What the exercise asks
A word-for-word transcription of the data below is required.

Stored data
§
(* Let $G=(V,E)$ be a connected undirected graph on $n\geq 3$ nodes with positive edge weights $w$, and run the distributed algorithm described in the context synchronously at every node. Then every node $v\in V$ computes its betweenness centrality after $2\,\mathcal{D}(G)+1$ phases: at any time after the first $2\,\mathcal{D}(G)+1$ phases have been completed, the variable $C$ held by $v$ equals $\sum_{s\neq v}\mathsf{bc}_v(s)=(n-1)(n-2)\,\mathsf{bc}_v$, i.e. $\mathsf{bc}_v$ up to the normalization factor $1/((n-1)(n-2))$.
   Context: Graph notions. $G=(V,E)$ is connected, undirected, with weights $w(e)>0$; $N(v)$ is the set of neighbors of $v$ and $N[v]=N(v)\cup\{v\}$. The length of a path is the sum of its edge weights; $\mathrm{dist}(s,t)$ is the length of a shortest $s$–$t$ path. For $s\neq t$, $\mathrm{maxhop}(s,t)$ is the maximum number of edges of a shortest (minimum-length) $s$–$t$ path, $\mathrm{maxhop}(s,s)=0$, and $\mathcal{D}(G)=\max_{s,t\in V}\mathrm{maxhop}(s,t)$. $\sigma_{s,t}$ is the number of shortest $s$–$t$ paths ($\sigma_{s,s}=1$) and $\sigma_{s,t}(v)$ the number of those passing through $v$ ($\sigma_{s,s}(s)=1$). For $s\in V$, $\mathsf{bc}_v(s)=\sum_{t\neq v}\sigma_{s,t}(v)/\sigma_{s,t}$, and the betweenness centrality is $\mathsf{bc}_v=\frac{1}{(n-1)(n-2)}\sum_{s\neq v,t\neq v}\sigma_{s,t}(v)/\sigma_{s,t}$. Algorithm (at each node $v$). Initialization: for all $t\in V$: $D[t]=+\infty$, $\mathrm{NH}[t]=\mathrm{PH}[t]=\emptyset$, and for all $u\in N[v]$: $B[u,t]=0$, $S[u,t]=0$; then $S[v,v]=1$, $D[v]=0$. Execution proceeds in synchronous phases; in each phase every node $v$ sends, for every $t\in V$, the message $(t,D[t],S[v,t],B[v,t])$ to every neighbor, receives all messages sent to it by its neighbors in that phase, and processes each of them (in arbitrary order) as follows. On receipt of $(t,d,s,b)$ from $u\in N(v)$: remove $u$ from $\mathrm{NH}[t]$ and from $\mathrm{PH}[t]$; if $d+w(\{u,v\})<D[t]$ set $D[t]\leftarrow d+w(\{u,v\})$; else if $d+w(\{u,v\})=D[t]$ add $u$ to $\mathrm{NH}[t]$; else if $d-w(\{u,v\})=D[t]$ add $u$ to $\mathrm{PH}[t]$. Then set $S[u,t]\leftarrow s$, $B[u,t]\leftarrow b$; if $t\neq v$ set $S[v,t]\leftarrow\sum_{x\in\mathrm{NH}[t]}S[x,t]$; set $B[v,t]\leftarrow S[v,t]\cdot\sum_{x\in\mathrm{PH}[t]}\frac{B[x,t]+1}{S[x,t]}$ (a term with $S[x,t]=0$ is taken as $0$); finally set $C\leftarrow\sum_{x\neq v}B[v,x]$. *)

theory Defs
  imports Complex_Main "HOL-Library.Extended_Real"
begin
§
Response to this exercise
(* Let $G=(V,E)$ be a connected undirected graph on $n\geq 3$ nodes with positive edge weights $w$, and run the distributed algorithm described in the context synchronously at every node. Then every node $v\in V$ computes its betweenness centrality after $2\,\mathcal{D}(G)+1$ phases: at any time after the first $2\,\mathcal{D}(G)+1$ phases have been completed, the variable $C$ held by $v$ equals $\sum_{s\neq v}\mathsf{bc}_v(s)=(n-1)(n-2)\,\mathsf{bc}_v$, i.e. $\mathsf{bc}_v$ up to the normalization factor $1/((n-1)(n-2))$.
   Context: Graph notions. $G=(V,E)$ is connected, undirected, with weights $w(e)>0$; $N(v)$ is the set of neighbors of $v$ and $N[v]=N(v)\cup\{v\}$. The length of a path is the sum of its edge weights; $\mathrm{dist}(s,t)$ is the length of a shortest $s$–$t$ path. For $s\neq t$, $\mathrm{maxhop}(s,t)$ is the maximum number of edges of a shortest (minimum-length) $s$–$t$ path, $\mathrm{maxhop}(s,s)=0$, and $\mathcal{D}(G)=\max_{s,t\in V}\mathrm{maxhop}(s,t)$. $\sigma_{s,t}$ is the number of shortest $s$–$t$ paths ($\sigma_{s,s}=1$) and $\sigma_{s,t}(v)$ the number of those passing through $v$ ($\sigma_{s,s}(s)=1$). For $s\in V$, $\mathsf{bc}_v(s)=\sum_{t\neq v}\sigma_{s,t}(v)/\sigma_{s,t}$, and the betweenness centrality is $\mathsf{bc}_v=\frac{1}{(n-1)(n-2)}\sum_{s\neq v,t\neq v}\sigma_{s,t}(v)/\sigma_{s,t}$. Algorithm (at each node $v$). Initialization: for all $t\in V$: $D[t]=+\infty$, $\mathrm{NH}[t]=\mathrm{PH}[t]=\emptyset$, and for all $u\in N[v]$: $B[u,t]=0$, $S[u,t]=0$; then $S[v,v]=1$, $D[v]=0$. Execution proceeds in synchronous phases; in each phase every node $v$ sends, for every $t\in V$, the message $(t,D[t],S[v,t],B[v,t])$ to every neighbor, receives all messages sent to it by its neighbors in that phase, and processes each of them (in arbitrary order) as follows. On receipt of $(t,d,s,b)$ from $u\in N(v)$: remove $u$ from $\mathrm{NH}[t]$ and from $\mathrm{PH}[t]$; if $d+w(\{u,v\})<D[t]$ set $D[t]\leftarrow d+w(\{u,v\})$; else if $d+w(\{u,v\})=D[t]$ add $u$ to $\mathrm{NH}[t]$; else if $d-w(\{u,v\})=D[t]$ add $u$ to $\mathrm{PH}[t]$. Then set $S[u,t]\leftarrow s$, $B[u,t]\leftarrow b$; if $t\neq v$ set $S[v,t]\leftarrow\sum_{x\in\mathrm{NH}[t]}S[x,t]$; set $B[v,t]\leftarrow S[v,t]\cdot\sum_{x\in\mathrm{PH}[t]}\frac{B[x,t]+1}{S[x,t]}$ (a term with $S[x,t]=0$ is taken as $0$); finally set $C\leftarrow\sum_{x\neq v}B[v,x]$. *)

theory Defs
  imports Complex_Main "HOL-Library.Extended_Real"
begin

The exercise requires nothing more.